Hemp Seed as Animal Feed Offers Potential Despite Obstacles

By Trevor Yahn-Grode, Data Analyst, New Frontier Data

Hemp seed is an attractive candidate to roll into the $27.8 billion global animal feed market, but more research is required to ascertain the safety and efficacy of hemp and its byproducts as animal feed before it will gain regulatory approval as an ingredient. U.S. acreage of grain-based hemp continues to grow, as farmers supplant imported seed with domestic stock. Virtually all the current acreage is dedicated to producing hemp seed for human consumption.

Hemp seed’s nutritional profile and protein content have in recent years gained it popularity in health food circles. Hopes that its benefits could be passed onto livestock are fueling the desire for its use in animal feed.  One study found that chickens being fed hemp seed could produce enriched eggs with a high n-3 fatty acid content.

For hemp to be used in animal feed, it must be approved by the FDA-Center for Veterinary Medicine, which involves a long, arduous, and expensive process. Although hemp seed – which contains no CBD – has achieved Generally Recognized As Safe (GRAS) status from the FDA for human consumption, hemp seed is not permitted in animal feed because the potential for cannabinoid accumulation in meat and milk has not been studied. Critics of that policy point out that cannabinoids exist mainly in the flower and stem of the plant, and no significant cannabinoid content exists in the seed. Multiple industry groups (such as the Hemp Feed Coalition [HFC]) are working to fund clinical feed trials and nutritional analyses in attempts to prove the safety and efficacy of hemp as animal feed.

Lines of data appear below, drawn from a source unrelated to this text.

(* Let $p\ge 1$ and let $\hat\lambda_1,\ldots,\hat\lambda_p$ be mutually distinct complex numbers lying in the open left half-plane $\{s\in\mathbb{C}:\operatorname{Re}s<0\}$, such that the set $\{\hat\lambda_1,\ldots,\hat\lambda_p\}$ is closed under complex conjugation. Define $$\beta_j=\frac{\prod_{l=1}^{p}(\hat\lambda_j+\hat\lambda_l)}{\prod_{l=1,\,l\neq j}^{p}(\hat\lambda_j-\hat\lambda_l)},\qquad j=1,\ldots,p,$$ and $$\widehat d(s)=1+\sum_{j=1}^{p}\frac{\beta_j}{s-\hat\lambda_j}.$$ Then $|\widehat d(\mathrm{i}\omega)|=1$ for every $\omega\in\mathbb{R}$ (where $\mathrm{i}=\sqrt{-1}$). Consequently, for any sampling nodes $\xi_1,\ldots,\xi_\ell$ on the imaginary axis, the diagonal scaling matrix $\widehat\Delta=\mathrm{diag}\big(1/|\widehat d(\xi_i)|\big)_{i=1}^{\ell}$ is unitary, so for any matrix $\mathcal{A}\in\mathbb{C}^{\ell\times m}$ and vector $h\in\mathbb{C}^{\ell}$ the weighted least-squares problem $\min_x\|\widehat\Delta(\mathcal{A}x-h)\|_2$ has the same solutions as the unweighted problem $\min_x\|\mathcal{A}x-h\|_2$.
   Context: This arises in Vector Fitting, where a rational approximant is written in barycentric form $\widehat n(s)/\widehat d(s)$ with poles (nodes) $\hat\lambda_j$, and each iteration solves a least-squares problem whose rows are weighted by $1/|\widehat d(\xi_i)|$ at the sampling nodes $\xi_i$. The $\hat\lambda_j$ here are the mirror images $-\lambda$ of unstable poles $\lambda$ (poles in the open right half-plane) of the current denominator; the $\beta_j$ are chosen so that the zeros of $\widehat d$ are the original unstable poles $-\hat\lambda_j$. *)

theory Defs
  imports "HOL-Analysis.Analysis"
begin

definition vf_beta :: "nat \<Rightarrow> (nat \<Rightarrow> complex) \<Rightarrow> nat \<Rightarrow> complex" where
  "vf_beta p lam j =
     (\<Prod>l\<in>{1..p}. lam j + lam l) / (\<Prod>l\<in>{1..p} - {j}. lam j - lam l)"

definition vf_dhat :: "nat \<Rightarrow> (nat \<Rightarrow> complex) \<Rightarrow> complex \<Rightarrow> complex" where
  "vf_dhat p lam s = 1 + (\<Sum>j\<in>{1..p}. vf_beta p lam j / (s - lam j))"

text \<open>Matrices / vectors of size l x m are represented as functions on indices
  0..<l, 0..<m.\<close>

definition unitary_nat_mat :: "nat \<Rightarrow> (nat \<Rightarrow> nat \<Rightarrow> complex) \<Rightarrow> bool" where
  "unitary_nat_mat n U \<longleftrightarrow>
     (\<forall>i<n. \<forall>k<n. (\<Sum>j<n. cnj (U j i) * U j k) = (if i = k then 1 else 0))"

definition vec_norm2 :: "nat \<Rightarrow> (nat \<Rightarrow> complex) \<Rightarrow> real" where
  "vec_norm2 n v = sqrt (\<Sum>i<n. (cmod (v i))\<^sup>2)"

definition mat_vec :: "nat \<Rightarrow> (nat \<Rightarrow> nat \<Rightarrow> complex) \<Rightarrow> (nat \<Rightarrow> complex) \<Rightarrow> nat \<Rightarrow> complex" where
  "mat_vec m A x = (\<lambda>i. \<Sum>k<m. A i k * x k)"

definition vf_Delta :: "nat \<Rightarrow> (nat \<Rightarrow> complex) \<Rightarrow> (nat \<Rightarrow> complex) \<Rightarrow> nat \<Rightarrow> nat \<Rightarrow> complex" where
  "vf_Delta p lam xi i k = (if i = k then complex_of_real (1 / cmod (vf_dhat p lam (xi i))) else 0)"

definition lsq_solutions ::
  "nat \<Rightarrow> nat \<Rightarrow> (nat \<Rightarrow> nat \<Rightarrow> complex) \<Rightarrow> (nat \<Rightarrow> nat \<Rightarrow> complex) \<Rightarrow> (nat \<Rightarrow> complex)
     \<Rightarrow> (nat \<Rightarrow> complex) set" where
  "lsq_solutions l m W A h =
     {x. (\<forall>k\<ge>m. x k = 0) \<and>
         (\<forall>y. (\<forall>k\<ge>m. y k = 0) \<longrightarrow>
           vec_norm2 l (mat_vec l W (\<lambda>i. mat_vec m A x i - h i))
             \<le> vec_norm2 l (mat_vec l W (\<lambda>i. mat_vec m A y i - h i)))}"

definition id_nat_mat :: "nat \<Rightarrow> nat \<Rightarrow> complex" where
  "id_nat_mat i k = (if i = k then 1 else 0)"

end

theory Submission
  imports Defs "HOL-Computational_Algebra.Polynomial"
begin

text \<open>The partial fraction sum collapses to the quotient
  \<open>\<Prod>(s + \<lambda>\<^sub>l) / \<Prod>(s - \<lambda>\<^sub>l)\<close>: the \<open>\<beta>\<^sub>j\<close> are exactly its residues, since both
  numerator polynomials are monic of degree \<open>p\<close> and agree at the \<open>p\<close> nodes. On the
  imaginary axis \<open>|s - \<lambda>| = |s + cnj \<lambda>|\<close>, so closedness of the nodes under
  conjugation makes numerator and denominator equal in modulus. The scaling
  matrix is then the identity on the sampling indices.\<close>

lemma prod_plus_nodes_eq_partial_fraction:
  fixes lam :: "nat \<Rightarrow> complex"
  assumes inj: "inj_on lam {1..p}"
  shows "(\<Prod>l\<in>{1..p}. [:lam l, 1:])
       = (\<Prod>l\<in>{1..p}. [:- lam l, 1:])
         + (\<Sum>j\<in>{1..p}. smult (vf_beta p lam j) (\<Prod>l\<in>{1..p}-{j}. [:- lam l, 1:]))"
    (is "?A = ?B + ?L")
proof (rule poly_eqI_degree_lead_coeff[of _ p _ "lam ` {1..p}"])
  have deg_A: "degree ?A = p" and deg_B: "degree ?B = p"
    by (subst degree_prod_eq_sum_degree; simp)+
  have deg_L: "degree ?L < p \<or> ?L = 0"
  proof (cases "p = 0")
    case True
    then show ?thesis by simp
  next
    case False
    have "degree (\<Prod>l\<in>{1..p}-{j}. [:- lam l, 1:]) = p - 1" if "j \<in> {1..p}" for j
      using that by (subst degree_prod_eq_sum_degree) auto
    then have "degree (smult c (\<Prod>l\<in>{1..p}-{j}. [:- lam l, 1:])) \<le> p - 1"
      if "j \<in> {1..p}" for c j
      using that by (metis degree_smult_le)
    then have "degree ?L \<le> p - 1"
      by (intro degree_sum_le) simp_all
    with False show ?thesis by auto
  qed
  have "coeff ?A p = 1"
    using deg_A lead_coeff_prod[of "\<lambda>l. [:lam l, 1:]" "{1..p}"] by simp
  moreover have "coeff (?B + ?L) p = 1"
    using deg_B deg_L lead_coeff_prod[of "\<lambda>l. [:- lam l, 1:]" "{1..p}"]
    by (auto intro: coeff_eq_0)
  ultimately show "coeff ?A p = coeff (?B + ?L) p" by simp
  show "degree ?A \<le> p" "degree (?B + ?L) \<le> p"
    using deg_A deg_B deg_L by (auto intro: degree_add_le)
  show "card (lam ` {1..p}) \<ge> p"
    using card_image[OF inj] by simp
  show "poly ?A z = poly (?B + ?L) z" if "z \<in> lam ` {1..p}" for z
  proof -
    from that obtain k where k: "k \<in> {1..p}" "z = lam k" by (rule imageE)
    define Q where "Q j = smult (vf_beta p lam j) (\<Prod>l\<in>{1..p}-{j}. [:- lam l, 1:])" for j
    have "poly ?B (lam k) = 0"
      unfolding poly_prod using k by (intro prod_zero) auto
    have "poly (Q j) (lam k) = 0" if "j \<in> {1..p} - {k}" for j
      unfolding Q_def poly_smult poly_prod using k that
      by (subst prod_zero) (auto intro!: bexI[of _ k])
    then have "poly ?L (lam k) = poly (Q k) (lam k)"
      unfolding Q_def[symmetric] sum.remove[OF finite_atLeastAtMost k(1)] by (simp add: poly_sum)
    also have "\<dots> = vf_beta p lam k * (\<Prod>l\<in>{1..p}-{k}. lam k - lam l)"
      unfolding Q_def poly_smult poly_prod by simp
    also have "\<dots> = (\<Prod>l\<in>{1..p}. lam k + lam l)"
    proof -
      have "(\<Prod>l\<in>{1..p}-{k}. lam k - lam l) \<noteq> 0"
        using inj_on_eq_iff[OF inj k(1)] by (simp add: prod_zero_iff)
      then show ?thesis unfolding vf_beta_def by simp
    qed
    finally have "poly ?L (lam k) = (\<Prod>l\<in>{1..p}. lam k + lam l)" .
    moreover have "poly ?A (lam k) = (\<Prod>l\<in>{1..p}. lam k + lam l)"
      by (simp add: poly_prod add.commute)
    ultimately show ?thesis
      using \<open>poly ?B (lam k) = 0\<close> unfolding k(2) poly_add by (simp only: add_0_left)
  qed
qed

lemma vf_dhat_eq_prod_quotient:
  assumes inj: "inj_on lam {1..p}" and s: "s \<notin> lam ` {1..p}"
  shows "vf_dhat p lam s = (\<Prod>l\<in>{1..p}. s + lam l) / (\<Prod>l\<in>{1..p}. s - lam l)"
proof -
  define B where "B = (\<Prod>l\<in>{1..p}. s - lam l)"
  have B_nz: "B \<noteq> 0" using s by (auto simp: B_def)
  have summand: "vf_beta p lam j * (\<Prod>l\<in>{1..p}-{j}. s - lam l) = B * (vf_beta p lam j / (s - lam j))"
    if "j \<in> {1..p}" for j
  proof -
    have "B = (s - lam j) * (\<Prod>l\<in>{1..p}-{j}. s - lam l)"
      unfolding B_def by (rule prod.remove[OF _ that]) simp
    moreover have "s - lam j \<noteq> 0" using s that by auto
    ultimately show ?thesis by simp
  qed
  have "(\<Prod>l\<in>{1..p}. s + lam l)
      = B + (\<Sum>j\<in>{1..p}. vf_beta p lam j * (\<Prod>l\<in>{1..p}-{j}. s - lam l))"
    using arg_cong[OF prod_plus_nodes_eq_partial_fraction[OF inj], of "\<lambda>q. poly q s"]
    by (simp add: poly_prod poly_sum B_def add.commute)
  also have "\<dots> = B + (\<Sum>j\<in>{1..p}. B * (vf_beta p lam j / (s - lam j)))"
    by (rule arg_cong[where f = "(+) B"], rule sum.cong[OF refl], rule summand)
  also have "\<dots> = B * vf_dhat p lam s"
    by (simp add: vf_dhat_def distrib_left sum_distrib_left)
  finally show ?thesis using B_nz by (simp add: B_def field_simps)
qed

lemma prod_norm_diff_eq_prod_norm_add_imaginary:
  fixes T :: "complex set"
  assumes "finite T" and cnj_closed: "\<forall>x\<in>T. cnj x \<in> T" and "Re s = 0"
  shows "(\<Prod>x\<in>T. cmod (s - x)) = (\<Prod>x\<in>T. cmod (s + x))"
proof -
  have cnj_T: "cnj ` T = T"
    using assms(1) cnj_closed
    by (intro card_subset_eq card_image) (auto intro: inj_onI)
  have "cmod (s - x) = cmod (s + cnj x)" for x
  proof -
    have "cnj (s - x) = - (s + cnj x)"
      using \<open>Re s = 0\<close> by (simp add: complex_eq_iff)
    then show ?thesis
      by (metis complex_mod_cnj norm_minus_cancel)
  qed
  then have "(\<Prod>x\<in>T. cmod (s - x)) = (\<Prod>x\<in>cnj ` T. cmod (s + x))"
    by (subst prod.reindex) (auto intro: inj_onI)
  then show ?thesis using cnj_T by simp
qed

lemma norm_vf_dhat_imaginary:
  assumes inj: "inj_on lam {1..p}"
    and stable: "\<forall>j\<in>{1..p}. Re (lam j) < 0"
    and cnj_closed: "\<forall>j\<in>{1..p}. cnj (lam j) \<in> lam ` {1..p}"
    and "Re s = 0"
  shows "cmod (vf_dhat p lam s) = 1"
proof -
  have s: "s \<notin> lam ` {1..p}" using stable \<open>Re s = 0\<close> by fastforce
  have "(\<Prod>x\<in>lam ` {1..p}. cmod (s - x)) = (\<Prod>x\<in>lam ` {1..p}. cmod (s + x))"
    using cnj_closed \<open>Re s = 0\<close> by (intro prod_norm_diff_eq_prod_norm_add_imaginary) auto
  then have "(\<Prod>l\<in>{1..p}. cmod (s - lam l)) = (\<Prod>l\<in>{1..p}. cmod (s + lam l))"
    by (simp only: prod.reindex[OF inj] comp_def)
  moreover have "(\<Prod>l\<in>{1..p}. cmod (s - lam l)) \<noteq> 0" using s by auto
  ultimately show ?thesis
    by (simp add: vf_dhat_eq_prod_quotient[OF inj s] norm_divide prod_norm)
qed

lemma unitary_nat_mat_cong:
  assumes "\<And>i k. i < n \<Longrightarrow> k < n \<Longrightarrow> U i k = V i k"
  shows "unitary_nat_mat n U \<longleftrightarrow> unitary_nat_mat n V"
proof -
  have "(\<Sum>j<n. cnj (U j i) * U j k) = (\<Sum>j<n. cnj (V j i) * V j k)"
    if "i < n" "k < n" for i k
    using that assms by (intro sum.cong) auto
  then show ?thesis unfolding unitary_nat_mat_def by simp
qed

lemma unitary_id_nat_mat: "unitary_nat_mat n id_nat_mat"
proof -
  have "cnj (id_nat_mat j i) * id_nat_mat j k = (if j = i then id_nat_mat i k else 0)" for i j k
    by (simp add: id_nat_mat_def)
  then show ?thesis
    unfolding unitary_nat_mat_def by (simp add: id_nat_mat_def)
qed

lemma lsq_solutions_cong:
  assumes "\<And>i k. i < l \<Longrightarrow> k < l \<Longrightarrow> W i k = W' i k"
  shows "lsq_solutions l m W A h = lsq_solutions l m W' A h"
proof -
  have mat_vec_eq: "mat_vec l W v i = mat_vec l W' v i" if "i < l" for v i
    unfolding mat_vec_def using that assms by (intro sum.cong) auto
  have "vec_norm2 l (mat_vec l W v) = vec_norm2 l (mat_vec l W' v)" for v
    unfolding vec_norm2_def by (intro arg_cong[where f = sqrt] sum.cong) (simp_all add: mat_vec_eq)
  then show ?thesis unfolding lsq_solutions_def by simp
qed

theorem proposition4p1:
  fixes p :: nat and lam :: "nat \<Rightarrow> complex"
  assumes "p \<ge> 1"
    and "inj_on lam {1..p}"
    and "\<forall>j\<in>{1..p}. Re (lam j) < 0"
    and "\<forall>j\<in>{1..p}. cnj (lam j) \<in> lam ` {1..p}"
  shows "(\<forall>\<omega>::real. cmod (vf_dhat p lam (\<i> * complex_of_real \<omega>)) = 1)
    \<and> (\<forall>(l::nat) (xi::nat \<Rightarrow> complex). (\<forall>i<l. Re (xi i) = 0) \<longrightarrow>
         unitary_nat_mat l (vf_Delta p lam xi)
         \<and> (\<forall>(m::nat) (A::nat \<Rightarrow> nat \<Rightarrow> complex) (h::nat \<Rightarrow> complex).
              lsq_solutions l m (vf_Delta p lam xi) A h = lsq_solutions l m id_nat_mat A h))"
proof (intro conjI allI impI)
  note unimodular = norm_vf_dhat_imaginary[OF assms(2-4)]
  show "cmod (vf_dhat p lam (\<i> * complex_of_real \<omega>)) = 1" for \<omega>
    by (rule unimodular) simp
  fix l :: nat and xi :: "nat \<Rightarrow> complex"
  assume "\<forall>i<l. Re (xi i) = 0"
  then have Delta_id: "vf_Delta p lam xi i k = id_nat_mat i k" if "i < l" for i k
    using that unimodular by (simp add: vf_Delta_def id_nat_mat_def)
  show "unitary_nat_mat l (vf_Delta p lam xi)"
    by (subst unitary_nat_mat_cong[of l _ id_nat_mat]) (auto simp: Delta_id unitary_id_nat_mat)
  show "lsq_solutions l m (vf_Delta p lam xi) A h = lsq_solutions l m id_nat_mat A h" for m A h
    by (rule lsq_solutions_cong[OF Delta_id])
qed

end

Due to the high price of hemp seed compared to traditional feedstocks (e.g., corn and soy), hemp seed is more likely to first find its foothold as a premium feedstock for niche livestock production. Even so, opening the animal feed markets up to hemp would make hemp grain a significantly more attractive crop for farmers to grow, as it would broaden the total addressable market and reduce the risk of unsold crops. According to Hunter Buffington, executive director of the HFC, “hemp has been an animal feed across the world for millennia because of its nutritional content and availability. As we enter the world hemp market, American farmers again have the ability to produce hemp and utilize its by-products to create healthy, regenerative feed sources.”